[[ SUPPLIED ENTRIES, beginning ]]
(* Let $f_1,\dots,f_k\in\mathcal{C}_n$ and $\varphi\in\mathcal{C}_k$. Then the function $f:\Gamma_+^{(n)}\to\mathbb{R}$ defined by $f(x_1,\dots,x_n)=\varphi\big(f_1(x_1,\dots,x_n),\dots,f_k(x_1,\dots,x_n)\big)$ belongs to $\mathcal{C}_n$. If moreover $f_1,\dots,f_k\in\mathcal{S}_n$, then $f\in\mathcal{S}_n$.
   Context: For $m\ge1$, $\Gamma_+^{(m)}=\{x\in\mathbb{R}^m: x_i>0\ \forall i\}$. $\mathcal{C}_m$ is the class of functions $g:\Gamma_+^{(m)}\to\mathbb{R}$ which are $C^\infty$, homogeneous of degree one ($g(cx)=cg(x)$ for $c>0$), strictly monotone increasing ($\partial g/\partial x_i>0$ for each $i$), concave, and inverse-concave, meaning $g^*(x_1,\dots,x_m)=-g(x_1^{-1},\dots,x_m^{-1})$ is concave on $\Gamma_+^{(m)}$. $\mathcal{S}_m$ is the subclass of symmetric functions (invariant under permutations of the arguments) in $\mathcal{C}_m$. (Functions in $\mathcal{C}_m$ take positive values, so the composition is defined.) *)

theory Defs
  imports "HOL-Analysis.Analysis"
begin

definition pos_orthant :: "(real ^ 'n) set" where
  "pos_orthant = {x. \<forall>i. x $ i > 0}"

definition partial_deriv :: "(real ^ 'n \<Rightarrow> real) \<Rightarrow> 'n \<Rightarrow> real ^ 'n \<Rightarrow> real" where
  "partial_deriv g i x = frechet_derivative g (at x) (axis i 1)"
lemma ls_residual_orthogonal:
  fixes K :: nat and p :: "nat \<Rightarrow> real" and f :: "nat set \<Rightarrow> real"
  defines "L \<equiv> lin_pred K (ls_intercept K p f) (average_effect {1..K} p f)"
  shows "bernoulli_mean {1..K} p (\<lambda>A. L A - f A) = 0"
    and "k \<in> {1..K} \<Longrightarrow> bernoulli_mean {1..K} p (\<lambda>A. att A k * (L A - f A)) = 0"
proof -
  have "bernoulli_mean {1..K} p L =
      ls_intercept K p f + (\<Sum>k\<in>{1..K}. average_effect {1..K} p f k * p k)"
    using bernoulli_mean_lin_pred_mult[of "{1..K}" p K _ _ "\<lambda>_. 1"]
    by (simp add: L_def bernoulli_mean_const bernoulli_mean_att)
  then show mean: "bernoulli_mean {1..K} p (\<lambda>A. L A - f A) = 0"
    by (simp add: bernoulli_mean_diff ls_intercept_def mult.commute)
  assume k: "k \<in> {1..K}"
  then have "average_effect {1..K} p L k = average_effect {1..K} p f k"
    unfolding L_def by (simp add: average_effect_lin_pred)
  moreover have "bernoulli_mean {1..K} p (\<lambda>A. att A k * (L A - f A)) =
      p k * bernoulli_mean {1..K} p (\<lambda>A. L A - f A)
      + p k * (1 - p k) * average_effect {1..K} p (\<lambda>A. L A - f A) k"
    using k by (intro bernoulli_mean_att_mult_eq) auto
  ultimately show "bernoulli_mean {1..K} p (\<lambda>A. att A k * (L A - f A)) = 0"
    unfolding mean average_effect_diff by simp
qed

lemma sq_loss_ls_decomposition:
  "sq_loss K p f c0 c = sq_loss K p f (ls_intercept K p f) (average_effect {1..K} p f) +
    bernoulli_mean {1..K} p (\<lambda>A. (lin_pred K c0 c A -
      lin_pred K (ls_intercept K p f) (average_effect {1..K} p f) A)\<^sup>2)"
  by (rule sq_loss_pythagoras) (rule ls_residual_orthogonal)+

lemma is_pop_ls_average_effect:
  assumes "\<And>k. k \<in> {1..K} \<Longrightarrow> 0 < p k \<and> p k < 1"
  shows "is_pop_ls K p f (ls_intercept K p f) (average_effect {1..K} p f)"
  unfolding is_pop_ls_def
proof (intro allI)
  fix c0 c
  have "0 \<le> bernoulli_mean {1..K} p (\<lambda>A. (lin_pred K c0 c A -
      lin_pred K (ls_intercept K p f) (average_effect {1..K} p f) A)\<^sup>2)"
    using assms by (intro bernoulli_mean_nonneg) auto
  then show "sq_loss K p f (ls_intercept K p f) (average_effect {1..K} p f) \<le> sq_loss K p f c0 c"
    unfolding sq_loss_ls_decomposition[of K p f c0 c] by simp
qed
[[ SUPPLIED ENTRIES, end ]]
_WHAT THIS TASK INVOLVES_
Go through the records above and return every line that holds the string "have".

_YOUR RESPONSE_
  have "bernoulli_mean {1..K} p L =
  then have "average_effect {1..K} p L k = average_effect {1..K} p f k"
  moreover have "bernoulli_mean {1..K} p (\<lambda>A. att A k * (L A - f A)) =
  have "0 \<le> bernoulli_mean {1..K} p (\<lambda>A. (lin_pred K c0 c A -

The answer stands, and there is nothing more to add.